Barry Hall playing for the Swans
|Full name||Barry Hall|
|Nickname(s)||Bazza, Big Bad Barry|
|Date of birth||8 February 1977|
|Place of birth||Victoria|
|Original team(s)||Murray Bushrangers (TAC Cup)|
|Draft||No. 19, 1995 national draft|
|Height||194 cm (6 ft 4 in)|
|Weight||104 kg (229 lb)|
|1996–2001||St Kilda||88 (144)|
|2010–2011||Western Bulldogs||39 (135)|
|International team honours|
1 Playing statistics correct to the end of 2011.
|Sources: AFL Tables, AustralianFootball.com|
Hall began his career at the St Kilda Football Club where he twice led the club's goalkicking in 1999 and 2001. He is best known for his career with the Sydney Swans. He was one of the Swans' best players during his time at the club, topping the club goalkicking from 2002 to 2008 and co-captaining the side from 2005 to 2007, including the club's drought breaking premiership in 2005. He also featured heavily in the AFL's promotion in Sydney, gaining a similarly high-profile to Tony Lockett which saw him featured in a 2006 AFL and Swans joint promotion known as "Barry Hall Hall".

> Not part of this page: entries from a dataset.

lemma heis_cocycle_swap: "heis_cocycle N a b + Omega a b = heis_cocycle N b a"
  unfolding heis_cocycle_def Omega_def by (simp add: algebra_simps)

lemma heis_cong:
  assumes "N > 0" "fst a mod int N = fst b mod int N" "snd a mod int N = snd b mod int N"
  shows "heis N a = heis N b"
proof -
  have "fst a * snd a mod int N = fst b * snd b mod int N"
    by (metis assms(2,3) mod_mult_eq)
  then have "inv2 N * fst a * snd a mod int N = inv2 N * fst b * snd b mod int N"
    by (metis mult.assoc mod_mult_right_eq)
  then have "(- (inv2 N * fst a * snd a)) mod int N = (- (inv2 N * fst b * snd b)) mod int N"
    by (metis mod_minus_eq)
  then have "ee N (- (inv2 N * fst a * snd a)) = ee N (- (inv2 N * fst b * snd b))"
    by (rule ee_cong[OF assms(1)])
  moreover have "ee N (snd a * n) = ee N (snd b * n)" for n
    by (rule ee_cong[OF assms(1)]) (metis assms(3) mod_mult_left_eq)
  moreover have "(n - fst a) mod int N = (n - fst b) mod int N" for n
    using assms(2) by (metis mod_diff_right_eq)
  ultimately show ?thesis
    unfolding heis_def by (simp add: fun_eq_iff)
qed

lemma heis_mod: "N > 0 \<Longrightarrow> heis N (fst v mod int N, snd v mod int N) = heis N v"
  by (rule heis_cong) simp_all

lemma heis_comp:
  assumes "N > 0"
  shows "heis N a (heis N b f) n = ee N (heis_cocycle N a b) * heis N (vadd N a b) f n"
proof -
  obtain a1 a2 b1 b2 where ab: "a = (a1, a2)" "b = (b1, b2)" by force
  define h where "h = inv2 N"
  have e1: "ee N (b2 * ((n - a1) mod int N)) = ee N (b2 * (n - a1))"
    by (rule ee_cong[OF assms]) (simp add: mod_mult_right_eq)
  have e2: "((n - a1) mod int N - b1) mod int N = (n - (a1 + b1)) mod int N"
    by (simp add: mod_diff_left_eq diff_diff_eq)
  have "heis N a (heis N b f) n
      = ee N (- (h * a1 * a2) + a2 * n + (- (h * b1 * b2)) + b2 * (n - a1))
          * f ((n - (a1 + b1)) mod int N)"
    unfolding heis_def ab h_def fst_conv snd_conv e1 e2 by (simp only: ee_add mult_ac)
  also have "- (h * a1 * a2) + a2 * n + (- (h * b1 * b2)) + b2 * (n - a1)
      = h * (a1 * b2 + b1 * a2) - a1 * b2 + (- (h * (a1 + b1) * (a2 + b2))) + (a2 + b2) * n"
    by (simp add: algebra_simps)
  also have "ee N \<dots> * f ((n - (a1 + b1)) mod int N)
      = ee N (heis_cocycle N a b) * heis N (a1 + b1, a2 + b2) f n"
    unfolding heis_def ab h_def heis_cocycle_def fst_conv snd_conv by (simp only: ee_add mult_ac)
  also have "heis N (a1 + b1, a2 + b2) = heis N (vadd N a b)"
    using heis_mod[OF assms, of "(a1 + b1, a2 + b2)"] by (simp add: vadd_def ab)
  finally show ?thesis .
qed

lemma heis_commute:
  assumes "N > 0"
  shows "heis N x (heis N a f) n = ee N (- Omega x a) * heis N a (heis N x f) n"
proof -
  have "ee N (heis_cocycle N x a) = ee N (- Omega x a) * ee N (heis_cocycle N a x)"
    by (metis heis_cocycle_swap ee_add add.commute add_diff_cancel_right' uminus_add_conv_diff)
  then show ?thesis
    using heis_comp[OF assms, of x a f n] heis_comp[OF assms, of a x f n]
    by (simp add: vadd_commute)
qed

lemma heis_scale: "heis N v (\<lambda>n. c * f n) = (\<lambda>n. c * heis N v f n)"
  unfolding heis_def by (simp add: fun_eq_iff mult_ac)

lemma sum_mod_shift:
  assumes "N > 0"
  shows "(\<Sum>n\<in>{0..<int N}. F ((n - c) mod int N)) = (\<Sum>n\<in>{0..<int N}. F n)"
proof -
  have "bij_betw (\<lambda>n. (n - c) mod int N) {0..<int N} {0..<int N}"
  proof (rule bij_betw_byWitness[where f' = "\<lambda>n. (n + c) mod int N"])
    show "\<forall>x\<in>{0..<int N}. ((x - c) mod int N + c) mod int N = x"
      by (auto simp: mod_add_left_eq)
    show "\<forall>y\<in>{0..<int N}. ((y + c) mod int N - c) mod int N = y"
      by (auto simp: mod_diff_left_eq)
  qed (use assms in auto)
  then show ?thesis by (rule sum.reindex_bij_betw)
qed

lemma inner_scale_left: "inner N (\<lambda>n. c * f n) g = c * inner N f g"
  unfolding inner_def by (simp add: sum_distrib_left mult_ac)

The former junior boxing champion's AFL career has been marred by a reputation for on-field aggression, which has earned him the label of football "wild man" and he became one of the most feared players on the field. Several controversial and highly publicised incidents (often called "brain snaps" by the media) and tribunal appearances have interrupted his career and contributed to a change of clubs.
Hall was born in Victoria and grew up in Broadford, where he played his junior football. His other interests were martial arts and boxing. At the age of 12 he moved to Melbourne to pursue a boxing career. Training in a makeshift boxing gym in his father's garage, he won a state title in his early teenage years and had fought in 15 fights by the age of 15.
St Kilda (1996–2001)Edit
Hall made his AFL debut for St Kilda in 1996. He helped fill the void of the record-breaking forward Tony Lockett, who had moved to the Swans the previous season. His most memorable performance for the Saints was his 3-goal burst during a five-minute period in the second quarter of the 1997 Grand Final, in which put his side in a strong position going into half-time, despite St Kilda going on to be defeated by Adelaide by 31 points at the MCG. He played for St Kilda until 2001, kicking 144 goals in 88 games and being the club's leading goalkicker in the 1999 and 2001 seasons. He kicked a career-best 8 goals in Round 16, 2001 against the Western Bulldogs. He left St Kilda at the end of 2001 in style, kicking a goal after the final siren of a Round 22 match against Hawthorn to win the match. One of the main reasons for leaving was the rise of Nick Riewoldt, Justin Koschitzke and the recruitment of Fraser Gehrig, as well as salary cap constraints. Ironically, he left the year before Brian Waldron was appointed the club's CEO.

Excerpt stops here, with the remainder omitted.